Dataset records
(* Let $H$ be a digraph with at least two vertices and $r\in V(H)$ such that every vertex of $H$ is reachable from $r$, and let $(\hat T,\{B_x\}_{x\in V(\hat T)})$ be the $r$-rooted cut decomposition of $H$. For every vertex $u\in V(H)$ and every set $X\subseteq V(H)\setminus(V(\hat T)\cup\{u\})$ there exists a directed path $P$ from $r$ to $u$ in $H$ with $|V(P)\cap X|\le |X|/2$.
   Context: Digraphs are finite and without loops; paths are directed. A vertex $v$ is bi-reachable from $r$ if there are two internally vertex-disjoint directed paths from $r$ to $v$. For a digraph $H$ with at least two vertices and $r\in V(H)$ such that every vertex of $H$ is reachable from $r$, the diblock $B_r$ of $r$ in $H$ is the set of all vertices bi-reachable from $r$, together with $r$ and all out-neighbours of $r$. For $x\in B_r\setminus\{r\}$ let $X_x$ be the set of vertices $v\in V(H)\setminus B_r$ such that every directed $r$–$v$ path intersects $B_r$ for the last time in $x$; $x$ is a bottleneck of $B_r$ if $X_x\ne\emptyset$ (the sets $X_x$ partition $V(H)\setminus B_r$). The $r$-rooted cut decomposition $(\hat T,\{B_x\}_{x\in V(\hat T)})$ of $H$ is defined recursively: $\hat T$ is a rooted tree with root $r$ and $V(\hat T)\subseteq V(H)$; the set associated with the root is $B_r$; the children of $r$ are the bottlenecks of $B_r$; and for each bottleneck $x$, the subtree of $\hat T$ rooted at $x$ together with its associated sets is the $x$-rooted cut decomposition of the induced subgraph $H[X_x\cup\{x\}]$. *)

theory Defs
  imports Complex_Main
begin

text \<open>A digraph is given by a vertex set V and an edge relation E.
  Paths in the induced subgraph H[S] are nonempty lists of distinct vertices
  of S with consecutive vertices joined by edges of E.\<close>

definition dpath :: "'a set \<Rightarrow> ('a \<Rightarrow> 'a \<Rightarrow> bool) \<Rightarrow> 'a list \<Rightarrow> bool" where
  "dpath S E p \<longleftrightarrow> p \<noteq> [] \<and> distinct p \<and> set p \<subseteq> S \<and>
     (\<forall>i. Suc i < length p \<longrightarrow> E (p ! i) (p ! Suc i))"

definition dpath_from_to :: "'a set \<Rightarrow> ('a \<Rightarrow> 'a \<Rightarrow> bool) \<Rightarrow> 'a \<Rightarrow> 'a \<Rightarrow> 'a list \<Rightarrow> bool" where
  "dpath_from_to S E a b p \<longleftrightarrow> dpath S E p \<and> hd p = a \<and> last p = b"

definition reachable :: "'a set \<Rightarrow> ('a \<Rightarrow> 'a \<Rightarrow> bool) \<Rightarrow> 'a \<Rightarrow> 'a \<Rightarrow> bool" where
  "reachable S E a b \<longleftrightarrow> (\<exists>p. dpath_from_to S E a b p)"

definition internal_vertices :: "'a list \<Rightarrow> 'a set" where
  "internal_vertices p = set p - {hd p, last p}"

definition bireachable :: "'a set \<Rightarrow> ('a \<Rightarrow> 'a \<Rightarrow> bool) \<Rightarrow> 'a \<Rightarrow> 'a \<Rightarrow> bool" where
  "bireachable S E r v \<longleftrightarrow> (\<exists>p q. p \<noteq> q \<and> dpath_from_to S E r v p \<and> dpath_from_to S E r v q \<and>
       internal_vertices p \<inter> internal_vertices q = {})"

definition diblock :: "'a set \<Rightarrow> ('a \<Rightarrow> 'a \<Rightarrow> bool) \<Rightarrow> 'a \<Rightarrow> 'a set" where
  "diblock S E r = {v \<in> S. bireachable S E r v} \<union> {r} \<union> {v \<in> S. E r v}"

definition Xset :: "'a set \<Rightarrow> ('a \<Rightarrow> 'a \<Rightarrow> bool) \<Rightarrow> 'a \<Rightarrow> 'a \<Rightarrow> 'a set" where
  "Xset S E r x = {v \<in> S - diblock S E r. \<forall>p. dpath_from_to S E r v p \<longrightarrow>
       last (filter (\<lambda>w. w \<in> diblock S E r) p) = x}"

definition bottleneck :: "'a set \<Rightarrow> ('a \<Rightarrow> 'a \<Rightarrow> bool) \<Rightarrow> 'a \<Rightarrow> 'a \<Rightarrow> bool" where
  "bottleneck S E r x \<longleftrightarrow> x \<in> diblock S E r - {r} \<and> Xset S E r x \<noteq> {}"

text \<open>cut_tree_node E S r v: v is a node of the tree of the r-rooted cut decomposition
  of H[S].\<close>
inductive cut_tree_node :: "('a \<Rightarrow> 'a \<Rightarrow> bool) \<Rightarrow> 'a set \<Rightarrow> 'a \<Rightarrow> 'a \<Rightarrow> bool" for E where
  root: "cut_tree_node E S r r"
| sub: "bottleneck S E r x \<Longrightarrow> cut_tree_node E (Xset S E r x \<union> {x}) x v \<Longrightarrow> cut_tree_node E S r v"

end

theory Submission
  imports Defs
begin

text \<open>
  Induction along the cut decomposition. If u lies in the diblock B_r, then u = r, or u is an
  out-neighbour of r, or u is reached by two r-u paths with disjoint interiors; since X avoids
  r and u, one of these paths meets at most half of the vertices of X they can use. Otherwise u
  lies in X_x for a bottleneck x: an r-x path never enters X_x, the subtree at x handles
  H[X_x \<union> {x}] by induction, and concatenating the two paths splits the budget |X|.
  That every vertex outside B_r lies in some X_x is where Menger's theorem enters: a vertex
  that is neither bi-reachable nor an out-neighbour of r is cut off from r by a single vertex,
  and the first such cut vertex on an r-u path already lies in B_r.
\<close>

section \<open>Walks and paths\<close>

lemma walk_contains_path:
  assumes "w \<noteq> []" "successively R w"
  shows "\<exists>p. p \<noteq> [] \<and> distinct p \<and> successively R p \<and> set p \<subseteq> set w \<and>
    hd p = hd w \<and> last p = last w"
  using assms
proof (induction "length w" arbitrary: w rule: less_induct)
  case less
  show ?case
  proof (cases "distinct w")
    case True
    with less.prems show ?thesis by blast
  next
    case False
    then obtain xs ys zs y where w: "w = xs @ [y] @ ys @ [y] @ zs"
      using not_distinct_decomp by blast
    let ?w' = "xs @ [y] @ zs"
    have "successively R ?w'"
      using less.prems(2) unfolding w
      by (auto simp: successively_append_iff successively_Cons split: if_splits)
    moreover have "length ?w' < length w" "set ?w' \<subseteq> set w" "hd ?w' = hd w" "last ?w' = last w"
      unfolding w by (auto simp: hd_append)
    ultimately show ?thesis
      using less.hyps[of ?w'] by (metis Nil_is_append_conv not_Cons_self2 order_trans)
  qed
qed

lemma set_tl_subset: "set (tl xs) \<subseteq> set xs"
  by (cases xs) auto

lemma successively_mono_butlast:
  assumes "successively R p" "\<And>a b. a \<in> set (butlast p) \<Longrightarrow> R a b \<Longrightarrow> R' a b"
  shows "successively R' p"
  using assms by (induction p rule: induct_list012) (auto split: if_splits)

lemma successively_closed_set:
  assumes "successively R p" "p \<noteq> []" "hd p \<in> T" "\<And>a b. R a b \<Longrightarrow> b \<in> T"
  shows "set p \<subseteq> T"
  using assms by (induction p rule: induct_list012) auto

lemma split_at_last_filter:
  assumes "\<exists>z\<in>set xs. P z"
  obtains ys zs where "xs = ys @ last (filter P xs) # zs" "P (last (filter P xs))"
    "\<forall>z\<in>set zs. \<not> P z"
proof -
  obtain ys y zs where "xs = ys @ y # zs" "P y" "\<forall>z\<in>set zs. \<not> P z"
    using split_list_last_prop[OF assms] by blast
  moreover from this have "last (filter P xs) = y" by (simp add: filter_empty_conv)
  ultimately show ?thesis using that[of ys zs] by simp
qed

lemma dpath_iff_successively:
  "dpath S E p \<longleftrightarrow> p \<noteq> [] \<and> distinct p \<and> set p \<subseteq> S \<and> successively E p"
  unfolding dpath_def successively_conv_nth by auto

lemma dpath_from_toD:
  assumes "dpath_from_to S E a b p"
  shows "p \<noteq> []" "distinct p" "set p \<subseteq> S" "successively E p" "hd p = a" "last p = b"
  using assms unfolding dpath_from_to_def dpath_iff_successively by auto

lemma dpath_from_to_transfer:
  "dpath_from_to S E a b p \<Longrightarrow> set p \<subseteq> S' \<Longrightarrow> dpath_from_to S' E a b p"
  unfolding dpath_from_to_def dpath_iff_successively by auto

lemma dpath_from_to_single: "a \<in> S \<Longrightarrow> dpath_from_to S E a a [a]"
  unfolding dpath_from_to_def dpath_iff_successively by auto

lemma dpath_from_to_edge:
  "a \<in> S \<Longrightarrow> b \<in> S \<Longrightarrow> a \<noteq> b \<Longrightarrow> E a b \<Longrightarrow> dpath_from_to S E a b [a, b]"
  unfolding dpath_from_to_def dpath_iff_successively by auto

lemma dpath_from_to_prefix:
  "dpath_from_to S E a b (ys @ z # zs) \<Longrightarrow> dpath_from_to S E a z (ys @ [z])"
  unfolding dpath_from_to_def dpath_iff_successively
  by (auto simp: successively_append_iff hd_append split: if_splits)

lemma dpath_from_to_suffix:
  "dpath_from_to S E a b (ys @ z # zs) \<Longrightarrow> dpath_from_to S E z b (z # zs)"
  unfolding dpath_from_to_def dpath_iff_successively
  by (auto simp: successively_append_iff successively_Cons split: if_splits)

lemma dpath_from_to_concat:
  assumes p: "dpath_from_to S E a b p" and q: "dpath_from_to S E b c q"
  obtains pq where "dpath_from_to S E a c pq" "set pq \<subseteq> set p \<union> set q"
proof -
  obtain q' where q': "q = b # q'" using dpath_from_toD[OF q] by (cases q) auto
  let ?w = "p @ q'"
  have "?w \<noteq> []" "successively E ?w" "hd ?w = a" "last ?w = c"
    using dpath_from_toD[OF p] dpath_from_toD[OF q] q'
    by (auto simp: successively_append_iff successively_Cons hd_append last_append split: if_splits)
  then obtain pq where "pq \<noteq> []" "distinct pq" "successively E pq" "set pq \<subseteq> set ?w"
    "hd pq = a" "last pq = c"
    using walk_contains_path by metis
  moreover have "set ?w \<subseteq> set p \<union> set q" "set p \<union> set q \<subseteq> S"
    using q' dpath_from_toD(3)[OF p] dpath_from_toD(3)[OF q] by auto
  ultimately show ?thesis
    using that[of pq] unfolding dpath_from_to_def dpath_iff_successively by blast
qed

lemma internal_vertices_dpath:
  "dpath_from_to S E a b p \<Longrightarrow> internal_vertices p = set p - {a, b}"
  unfolding internal_vertices_def dpath_from_to_def by auto

section \<open>Two disjoint linking paths\<close>

definition ab_path :: "('a \<Rightarrow> 'a \<Rightarrow> bool) \<Rightarrow> 'a set \<Rightarrow> 'a set \<Rightarrow> 'a list \<Rightarrow> bool" where
  "ab_path R A B p \<longleftrightarrow> p \<noteq> [] \<and> distinct p \<and> successively R p \<and> hd p \<in> A \<and> last p \<in> B"

definition vertex_separable :: "('a \<Rightarrow> 'a \<Rightarrow> bool) \<Rightarrow> 'a set \<Rightarrow> 'a set \<Rightarrow> bool" where
  "vertex_separable R A B \<longleftrightarrow> (\<exists>s. \<forall>p. ab_path R A B p \<longrightarrow> s \<in> set p)"

definition two_linked :: "('a \<Rightarrow> 'a \<Rightarrow> bool) \<Rightarrow> 'a set \<Rightarrow> 'a set \<Rightarrow> bool" where
  "two_linked R A B \<longleftrightarrow> (\<exists>p q. ab_path R A B p \<and> ab_path R A B q \<and> set p \<inter> set q = {})"

lemma ab_path_conversep: "ab_path R\<inverse>\<inverse> A B p \<longleftrightarrow> ab_path R B A (rev p)"
  by (auto simp: ab_path_def successively_rev hd_rev last_rev)

lemma vertex_separable_conversep: "vertex_separable R\<inverse>\<inverse> B A \<longleftrightarrow> vertex_separable R A B"
  unfolding vertex_separable_def by (metis ab_path_conversep rev_rev_ident set_rev)

lemma two_linked_conversep: "two_linked R\<inverse>\<inverse> B A \<longleftrightarrow> two_linked R A B"
  unfolding two_linked_def by (metis ab_path_conversep rev_rev_ident set_rev)

lemma ab_path_mono: "ab_path R A B p \<Longrightarrow> (\<And>a b. R a b \<Longrightarrow> R' a b) \<Longrightarrow> ab_path R' A B p"
  unfolding ab_path_def using successively_mono by metis

lemma ab_path_truncate:
  assumes "ab_path R A B p" "\<exists>z\<in>set p. z \<in> T"
  obtains p' where "ab_path R A T p'" "set p' \<subseteq> set p" "set (butlast p') \<inter> T = {}"
proof -
  obtain ys z zs where p: "p = ys @ z # zs" "z \<in> T" "\<forall>a\<in>set ys. a \<notin> T"
    using split_list_first_prop[OF assms(2)] by blast
  have "ab_path R A T (ys @ [z])"
    using assms(1) p unfolding ab_path_def
    by (auto simp: successively_append_iff hd_append split: if_splits)
  then show ?thesis
    using p that[of "ys @ [z]"] by auto
qed

lemma ab_path_join:
  assumes "ab_path R A {m} P" "ab_path R {m} B Q" "set P \<inter> set Q \<subseteq> {m}"
  shows "ab_path R A B (P @ tl Q)"
proof -
  obtain Q' where Q: "Q = m # Q'" using assms(2) unfolding ab_path_def by (cases Q) auto
  have "last P = m" "m \<notin> set Q'" using assms(1,2) Q unfolding ab_path_def by auto
  with assms Q show ?thesis
    unfolding ab_path_def
    by (auto simp: successively_append_iff successively_Cons last_append split: if_splits)
qed

lemma ab_path_join_edge:
  assumes "ab_path R A {x} P" "ab_path R {y} B Q" "R x y" "set P \<inter> set Q = {}"
  shows "ab_path R A B (P @ Q)"
  using assms unfolding ab_path_def by (auto simp: successively_append_iff)

lemma separator_only_common_vertex:
  assumes sep: "\<forall>p. ab_path R A B p \<longrightarrow> s \<in> set p"
    and P: "ab_path R A B' P" and Q: "ab_path R A' B Q"
    and sP: "s \<in> set P \<Longrightarrow> s = last P" and sQ: "s \<in> set Q \<Longrightarrow> s = hd Q"
  shows "set P \<inter> set Q \<subseteq> {s}"
proof
  fix z assume "z \<in> set P \<inter> set Q"
  then obtain P1 P2 Q1 Q2 where P12: "P = P1 @ z # P2" and Q12: "Q = Q1 @ z # Q2"
    by (metis IntE split_list)
  have "s \<notin> set P1"
    using P sP unfolding P12 ab_path_def by (cases P2 rule: rev_cases) auto
  moreover have "s \<notin> set Q2"
    using Q sQ unfolding Q12 ab_path_def by (cases Q1) auto
  moreover have "successively R (P1 @ z # Q2)"
    using P Q unfolding ab_path_def P12 Q12
    by (auto simp: successively_append_iff successively_Cons split: if_splits)
  moreover have "hd (P1 @ z # Q2) \<in> A" "last (P1 @ z # Q2) \<in> B"
    using P Q unfolding ab_path_def P12 Q12 by (auto simp: hd_append)
  ultimately have "z = s"
    using walk_contains_path[of "P1 @ z # Q2" R] sep unfolding ab_path_def by fastforce
  then show "z \<in> {s}" by simp
qed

What is required
Go through the entries and return each line where the word "Xset" appears.

Output of the exercise
definition Xset :: "'a set \<Rightarrow> ('a \<Rightarrow> 'a \<Rightarrow> bool) \<Rightarrow> 'a \<Rightarrow> 'a \<Rightarrow> 'a set" where
  "Xset S E r x = {v \<in> S - diblock S E r. \<forall>p. dpath_from_to S E r v p \<longrightarrow>
  "bottleneck S E r x \<longleftrightarrow> x \<in> diblock S E r - {r} \<and> Xset S E r x \<noteq> {}"
| sub: "bottleneck S E r x \<Longrightarrow> cut_tree_node E (Xset S E r x \<union> {x}) x v \<Longrightarrow> cut_tree_node E S r v"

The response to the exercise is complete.